Mailing List Archive

[XEN v4 10/11] xen/Arm: GICv3: Define macros to read/write 64 bit
On AArch32, ldrd/strd instructions are not atomic when used to access MMIO.
Furthermore, ldrd/strd instructions are not decoded by Arm when running as
a guest to access emulated MMIO region.
Thus, we have defined readq_relaxed_non_atomic()/writeq_relaxed_non_atomic()
which in turn calls readl_relaxed()/writel_relaxed() for the lower and upper
32 bits.
For AArch64, readq_relaxed_non_atomic()/writeq_relaxed_non_atomic() invokes
readq_relaxed()/writeq_relaxed() respectively.
As GICv3 registers (GICD_IROUTER, GICR_TYPER) can be accessed in a non atomic
manner, so we have used readq_relaxed_non_atomic()/writeq_relaxed_non_atomic().

Signed-off-by: Ayan Kumar Halder <ayan.kumar.halder@amd.com>
---

Changes from :-
v1 - 1. Use ldrd/strd for readq_relaxed()/writeq_relaxed().
2. No need to use le64_to_cpu() as the returned byte order is already in cpu
endianess.

v2 - 1. Replace {read/write}q_relaxed with {read/write}q_relaxed_non_atomic().
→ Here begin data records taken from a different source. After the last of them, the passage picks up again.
(* Let $m$ be a non-negative integer and let $A,D$ be $k$-tuples of elements of $\mathbb{Z}/m\mathbb{Z}$. Then for every non-negative integer $i$, $$\partial^i\,\mathrm{IAP}(A,D)=(-1)^i\,\mathrm{IAP}\big(AC_k^{(i)}+DT_k^{(i)},\,DC_k^{(i)}\big),$$ where $C_k^{(i)}=\big(\sum_{\alpha\in\mathbb{Z}}\binom{i}{\alpha k+r-s}\big)_{1\le r,s\le k}$ and $T_k^{(i)}=\big(\sum_{\alpha\in\mathbb{Z}}\alpha\binom{i}{\alpha k+r-s}\big)_{1\le r,s\le k}$.
   Context: $\mathbb{Z}/0\mathbb{Z}=\mathbb{Z}$; $\binom{a}{b}=0$ if $b<0$ or $b>a$. Tuples are row vectors, integer matrices act after reduction mod $m$. $\mathrm{IAP}(A,D)$, for $A=(a_0,\dots,a_{k-1})$, $D=(d_0,\dots,d_{k-1})$, is $(u_j)_{j\in\mathbb{Z}}$ with $u_{qk+r}=a_r+qd_r$. For a sequence $S=(u_j)_{j\in\mathbb{Z}}$, $\partial S=(-u_j-u_{j+1})_{j\in\mathbb{Z}}$, and $\partial^i$ is the $i$-th iterate ($\partial^0 S=S$). *)

theory Defs
  imports Main "HOL-Library.Groups_Big_Fun" "HOL-Number_Theory.Cong"
begin

text \<open>Elements of Z/mZ are represented by integer representatives; equality in
Z/mZ is congruence modulo m (for m = 0 this is equality in Z).
A k-tuple (a_0,...,a_{k-1}) is a function nat => int (only values below k matter).\<close>

definition IAP :: "nat \<Rightarrow> (nat \<Rightarrow> int) \<Rightarrow> (nat \<Rightarrow> int) \<Rightarrow> int \<Rightarrow> int" where
  "IAP k A D j = A (nat (j mod int k)) + (j div int k) * D (nat (j mod int k))"

definition dseq :: "(int \<Rightarrow> int) \<Rightarrow> int \<Rightarrow> int" where
  "dseq S j = - S j - S (j + 1)"

definition ibinom :: "nat \<Rightarrow> int \<Rightarrow> int" where
  "ibinom a b = (if 0 \<le> b \<and> b \<le> int a then int (a choose nat b) else 0)"

text \<open>Matrices C_k^(i), T_k^(i), with 0-based indices r, s < k (the entry depends
only on r - s, so the shift from 1-based indexing is harmless).\<close>
definition Cmat :: "nat \<Rightarrow> nat \<Rightarrow> nat \<Rightarrow> nat \<Rightarrow> int" where
  "Cmat k i r s = Sum_any (\<lambda>\<alpha>::int. ibinom i (\<alpha> * int k + int r - int s))"

definition Tmat :: "nat \<Rightarrow> nat \<Rightarrow> nat \<Rightarrow> nat \<Rightarrow> int" where
  "Tmat k i r s = Sum_any (\<lambda>\<alpha>::int. \<alpha> * ibinom i (\<alpha> * int k + int r - int s))"

definition vecmat :: "nat \<Rightarrow> (nat \<Rightarrow> int) \<Rightarrow> (nat \<Rightarrow> nat \<Rightarrow> int) \<Rightarrow> nat \<Rightarrow> int" where
  "vecmat k A M s = (\<Sum>r<k. A r * M r s)"

end

theory Submission
  imports Defs
begin

text \<open>By Pascal's rule, \<open>\<partial>\<^sup>i S j = (-1)\<^sup>i \<Sum>\<^sub>t binom(i,t) S(j+t)\<close>. Write \<open>j = qk + s\<close>
  and group the index \<open>t\<close> by the residue \<open>r\<close> of \<open>j + t\<close>, i.e. \<open>t = \<alpha>k + r - s\<close>. Then
  \<open>IAP(A,D)(j+t) = A\<^sub>r + (q+\<alpha>) D\<^sub>r\<close>, and summing the binomial weights over \<open>\<alpha>\<close> yields the
  entries of \<open>C\<close> and \<open>T\<close>. So the identity holds in \<open>\<int>\<close>, and a fortiori modulo \<open>m\<close>.\<close>

lemma Sum_any_reindex_inj:
  fixes f :: "'a \<Rightarrow> 'b::comm_monoid_add"
  assumes "inj h" and "{x. f x \<noteq> 0} \<subseteq> range h"
  shows "Sum_any (\<lambda>a. f (h a)) = Sum_any f"
proof -
  have "Sum_any (\<lambda>a. f (h a)) = sum (f \<circ> h) (h -` {x. f x \<noteq> 0})"
    by (simp add: Sum_any.expand_set vimage_def)
  also have "\<dots> = sum f (h ` h -` {x. f x \<noteq> 0})"
    using assms(1) by (simp add: sum.reindex inj_on_def inj_def)
  also have "h ` h -` {x. f x \<noteq> 0} = {x. f x \<noteq> 0}"
    using assms(2) by blast
  finally show ?thesis by (simp add: Sum_any.expand_set)
qed

lemma sum_Sum_any_swap:
  fixes f :: "'i \<Rightarrow> 'a \<Rightarrow> 'b::comm_monoid_add"
  assumes "finite I" and "\<And>i. i \<in> I \<Longrightarrow> finite {a. f i a \<noteq> 0}"
  shows "(\<Sum>i\<in>I. Sum_any (f i)) = Sum_any (\<lambda>a. \<Sum>i\<in>I. f i a)"
  using assms
proof (induction I rule: finite_induct)
  case (insert i I)
  have "finite (\<Union>i\<in>I. {a. f i a \<noteq> 0})"
    using insert by auto
  then have "finite {a. (\<Sum>i\<in>I. f i a) \<noteq> 0}"
    by (rule finite_subset[rotated]) (auto elim: sum.not_neutral_contains_not_neutral)
  with insert show ?case
    by (simp add: Sum_any.distrib)
qed simp

lemma Sum_any_split_residues:
  fixes g :: "int \<Rightarrow> 'a::comm_monoid_add"
  assumes k: "0 < k" and fin: "finite {t. g t \<noteq> 0}"
  shows "Sum_any g = (\<Sum>r<k. Sum_any (\<lambda>\<alpha>. g (\<alpha> * int k + int r - c)))"
proof -
  define f where "f r t = (if (t + c) mod int k = int r then g t else 0)" for r t
  have "Sum_any (\<lambda>\<alpha>. g (\<alpha> * int k + int r - c)) = Sum_any (f r)" if "r < k" for r
  proof -
    have "Sum_any (\<lambda>\<alpha>. g (\<alpha> * int k + int r - c)) = Sum_any (\<lambda>\<alpha>. f r (\<alpha> * int k + int r - c))"
      using that by (simp add: f_def)
    also have "\<dots> = Sum_any (f r)"
    proof (rule Sum_any_reindex_inj)
      show "inj (\<lambda>\<alpha>. \<alpha> * int k + int r - c)"
        using k by (auto simp: inj_def)
      show "{t. f r t \<noteq> 0} \<subseteq> range (\<lambda>\<alpha>. \<alpha> * int k + int r - c)"
      proof
        fix t assume "t \<in> {t. f r t \<noteq> 0}"
        then have "(t + c) mod int k = int r"
          by (auto simp: f_def split: if_splits)
        then have "t = ((t + c) div int k) * int k + int r - c"
          by (metis add_diff_cancel_right' div_mult_mod_eq)
        then show "t \<in> range (\<lambda>\<alpha>. \<alpha> * int k + int r - c)" by blast
      qed
    qed
    finally show ?thesis .
  qed
  then have "(\<Sum>r<k. Sum_any (\<lambda>\<alpha>. g (\<alpha> * int k + int r - c))) = (\<Sum>r<k. Sum_any (f r))"
    by simp
  also have "\<dots> = Sum_any (\<lambda>t. \<Sum>r<k. f r t)"
    by (rule sum_Sum_any_swap) (auto intro: finite_subset[OF _ fin] simp: f_def)
  also have "(\<lambda>t. \<Sum>r<k. f r t) = g"
  proof
    fix t
    have "(\<Sum>r<k. f r t) = (\<Sum>r<k. if r = nat ((t + c) mod int k) then g t else 0)"
      by (intro sum.cong) (auto simp: f_def)
    then show "(\<Sum>r<k. f r t) = g t"
      using k by (simp add: nat_less_iff)
  qed
  finally show ?thesis ..
qed

lemma Sum_any_linear_combination:
  fixes f g :: "'a \<Rightarrow> 'b::semiring_0"
  assumes "finite {a. f a \<noteq> 0}" and "finite {a. g a \<noteq> 0}"
  shows "Sum_any (\<lambda>a. x * f a + y * g a) = x * Sum_any f + y * Sum_any g"
proof -
  have "finite {a. x * f a \<noteq> 0}" "finite {a. y * g a \<noteq> 0}"
    using assms by (auto intro: finite_subset[rotated])
  then show ?thesis
    using assms by (simp add: Sum_any.distrib Sum_any_right_distrib)
qed

lemma ibinom_0: "ibinom 0 t = (if t = 0 then 1 else 0)"
  by (auto simp: ibinom_def)

lemma ibinom_Suc: "ibinom (Suc i) t = ibinom i t + ibinom i (t - 1)"
proof -
  consider "t < 0" | "t = 0" | "0 < t \<and> t \<le> int i" | "t = int i + 1" | "t > int i + 1"
    by linarith
  then show ?thesis
  proof cases
    case 3
    then have "Suc i choose nat t = (i choose (nat t - 1)) + (i choose nat t)"
      using choose_reduce_nat[of "Suc i" "nat t"] by simp
    moreover have "nat (t - 1) = nat t - 1"
      using 3 by simp
    ultimately show ?thesis
      using 3 by (simp add: ibinom_def)
  next
    case 4
    then show ?thesis
      by (simp add: ibinom_def nat_add_distrib)
  qed (auto simp: ibinom_def)
qed

lemma finite_ibinom_affine_support:
  assumes "0 < k"
  shows "finite {\<alpha>. ibinom i (\<alpha> * int k + c) \<noteq> 0}"
proof (rule finite_subset)
  show "{\<alpha>. ibinom i (\<alpha> * int k + c) \<noteq> 0} \<subseteq> (\<lambda>\<alpha>. \<alpha> * int k + c) -` {0..int i}"
    by (auto simp: ibinom_def split: if_splits)
  show "finite ((\<lambda>\<alpha>. \<alpha> * int k + c) -` {0..int i})"
    using assms by (intro finite_vimageI) (auto simp: inj_def)
qed

lemma finite_ibinom_shift_support: "finite {t. ibinom i (t + c) * S t \<noteq> 0}"
  using finite_ibinom_affine_support[of 1 i c] by (auto intro: finite_subset[rotated])

lemma dseq_funpow:
  "(dseq ^^ i) S j = (-1) ^ i * Sum_any (\<lambda>t. ibinom i t * S (j + t))"
proof (induction i arbitrary: j)
  case 0
  have "Sum_any (\<lambda>t. ibinom 0 t * S (j + t)) = Sum_any (\<lambda>t. if t = 0 then S (j + t) else 0)"
    by (intro Sum_any.cong) (simp add: ibinom_0)
  then show ?case
    by simp
next
  case (Suc i)
  have shift: "Sum_any (\<lambda>t. ibinom i t * S (j + 1 + t)) = Sum_any (\<lambda>t. ibinom i (t - 1) * S (j + t))"
    by (rule Sum_any.reindex_cong[of "\<lambda>t. t - 1"])
       (auto simp: bij_def inj_def surj_def fun_eq_iff intro: exI[of _ "_ + 1"] ac_simps)
  have "(dseq ^^ Suc i) S j = - (dseq ^^ i) S j - (dseq ^^ i) S (j + 1)"
    by (simp add: dseq_def)
  also have "\<dots> = (-1) ^ Suc i * (Sum_any (\<lambda>t. ibinom i t * S (j + t))
                                    + Sum_any (\<lambda>t. ibinom i (t - 1) * S (j + t)))"
    by (simp only: Suc.IH shift) (simp add: algebra_simps)
  also have "Sum_any (\<lambda>t. ibinom i t * S (j + t)) + Sum_any (\<lambda>t. ibinom i (t - 1) * S (j + t))
      = Sum_any (\<lambda>t. ibinom i t * S (j + t) + ibinom i (t - 1) * S (j + t))"
    using finite_ibinom_shift_support[of i 0] finite_ibinom_shift_support[of i "-1"]
    by (intro Sum_any.distrib[symmetric]) simp_all
  also have "\<dots> = Sum_any (\<lambda>t. ibinom (Suc i) t * S (j + t))"
    by (simp add: ibinom_Suc algebra_simps)
  finally show ?case .
qed

lemma IAP_mult_add:
  assumes "r < k"
  shows "IAP k A D (x * int k + int r) = A r + x * D r"
  using assms by (simp add: IAP_def)

lemma Sum_any_ibinom_IAP_residue:
  assumes "0 < k" and "r < k"
  shows "Sum_any (\<lambda>\<alpha>. ibinom i (\<alpha> * int k + int r - int s) * IAP k A D ((q + \<alpha>) * int k + int r))
       = A r * Cmat k i r s + D r * Tmat k i r s + q * (D r * Cmat k i r s)"
proof -
  define b where "b \<alpha> = ibinom i (\<alpha> * int k + int r - int s)" for \<alpha>
  have fin_b: "finite {\<alpha>. b \<alpha> \<noteq> 0}"
    using finite_ibinom_affine_support[OF assms(1), of i "int r - int s"]
    by (simp add: b_def add_diff_eq)
  then have fin_\<alpha>b: "finite {\<alpha>. \<alpha> * b \<alpha> \<noteq> 0}"
    by (rule finite_subset[rotated]) auto
  have "Sum_any (\<lambda>\<alpha>. b \<alpha> * IAP k A D ((q + \<alpha>) * int k + int r))
      = Sum_any (\<lambda>\<alpha>. (A r + q * D r) * b \<alpha> + D r * (\<alpha> * b \<alpha>))"
    by (intro Sum_any.cong, simp only: IAP_mult_add[OF assms(2)]) (simp add: algebra_simps)
  also have "\<dots> = (A r + q * D r) * Sum_any b + D r * Sum_any (\<lambda>\<alpha>. \<alpha> * b \<alpha>)"
    using fin_b fin_\<alpha>b by (rule Sum_any_linear_combination)
  also have "\<dots> = (A r + q * D r) * Cmat k i r s + D r * Tmat k i r s"
    by (simp add: Cmat_def Tmat_def b_def)
  finally show ?thesis
    by (simp add: b_def algebra_simps)
qed

lemma dseq_funpow_IAP:
  assumes k: "0 < k"
  shows "(dseq ^^ i) (IAP k A D) j
       = (-1) ^ i * IAP k (\<lambda>s. vecmat k A (Cmat k i) s + vecmat k D (Tmat k i) s)
                          (vecmat k D (Cmat k i)) j"
proof -
  define s where "s = nat (j mod int k)"
  define q where "q = j div int k"
  have s: "s < k"
    using k by (simp add: s_def nat_less_iff)
  have j: "j = q * int k + int s"
    using k by (simp add: s_def q_def)
  have "finite {t. ibinom i t * IAP k A D (j + t) \<noteq> 0}"
    using finite_ibinom_shift_support[of i 0] by simp
  then have "Sum_any (\<lambda>t. ibinom i t * IAP k A D (j + t))
      = (\<Sum>r<k. Sum_any (\<lambda>\<alpha>. ibinom i (\<alpha> * int k + int r - int s)
                                * IAP k A D (j + (\<alpha> * int k + int r - int s))))"
    by (rule Sum_any_split_residues[OF k])
  also have "\<dots> = (\<Sum>r<k. Sum_any (\<lambda>\<alpha>. ibinom i (\<alpha> * int k + int r - int s)
                                * IAP k A D ((q + \<alpha>) * int k + int r)))"
    by (simp add: j algebra_simps)
  also have "\<dots> = (\<Sum>r<k. A r * Cmat k i r s + D r * Tmat k i r s + q * (D r * Cmat k i r s))"
    using k by (simp add: Sum_any_ibinom_IAP_residue)
  also have "\<dots> = IAP k (\<lambda>s. vecmat k A (Cmat k i) s + vecmat k D (Tmat k i) s)
                         (vecmat k D (Cmat k i)) j"
    using s by (simp add: j IAP_mult_add vecmat_def sum.distrib sum_distrib_left)
  finally show ?thesis
    by (simp add: dseq_funpow)
qed

theorem proposition6:
  fixes m k i :: nat and A D :: "nat \<Rightarrow> int"
  assumes "k \<ge> 1"
  shows "\<forall>j::int. [(dseq ^^ i) (IAP k A D) j
            = (-1) ^ i * IAP k (\<lambda>s. vecmat k A (Cmat k i) s + vecmat k D (Tmat k i) s)
                                 (vecmat k D (Cmat k i)) j] (mod int m)"
  using assms by (simp add: dseq_funpow_IAP)

end
lemma partial_soliton_field:
  "partial i (\<lambda>y. soliton_field lam y $ k) x =
     (if k = 1 then lam * axis i 1 $ 1 + ((a + b) / 2 * x$4 + (p + s) / 2) * axis i 1 $ 4
      else if k = 2 then lam / 2 * axis i 1 $ 2
      else if k = 3 then lam / 2 * axis i 1 $ 3
      else 0)"
  by (cases k rule: index4_cases; rule partial_eqI; unfold soliton_field_def axis_line_nth;
      auto intro!: derivative_eq_intros simp: field_simps)

lemma soliton_field_equation:
  "lie_deriv (soliton_field lam) (soliton_metric a b p q s) x + ricci (soliton_metric a b p q s) x
     = lam *\<^sub>R soliton_metric a b p q s x"
  unfolding lie_deriv_def partial_soliton_metric partial_profile partial_soliton_field
    ricci_soliton_metric vec_eq_iff forall_4
  by (simp add: sum_4 soliton_metric_eq_profile soliton_field_def axis_def algebra_simps
      flip: euler_identity_profile)

end

theorem mainTheorem5:
  fixes U :: "(real^4) set" and a b p q s :: real
  assumes "open U" and "a^2 + b^2 \<noteq> 0"
  shows "\<forall>lam::real. \<exists>V :: real^4 \<Rightarrow> real^4.
           (\<forall>k. smooth_on U (\<lambda>x. V x $ k)) \<and>
           (\<forall>x\<in>U. lie_deriv V (soliton_metric a b p q s) x
                    + ricci (soliton_metric a b p q s) x
                  = lam *\<^sub>R soliton_metric a b p q s x)"
  by (intro allI, rule_tac x = "soliton_field a b p s lam" in exI)
    (simp add: coord_polynomial_smooth coord_polynomial_soliton_field soliton_field_equation)

end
v3 - 1. Use inline function definitions for {read/write}q_relaxed_non_atomic().
2. For AArch64, {read/write}q_relaxed_non_atomic() should invoke {read/write}q_relaxed().
Thus, we can avoid any ifdef in gic-v3.c.

xen/arch/arm/gic-v3.c | 6 +++---
xen/arch/arm/include/asm/arm32/io.h | 20 ++++++++++++++++++++
xen/arch/arm/include/asm/arm64/io.h | 2 ++
3 files changed, 25 insertions(+), 3 deletions(-)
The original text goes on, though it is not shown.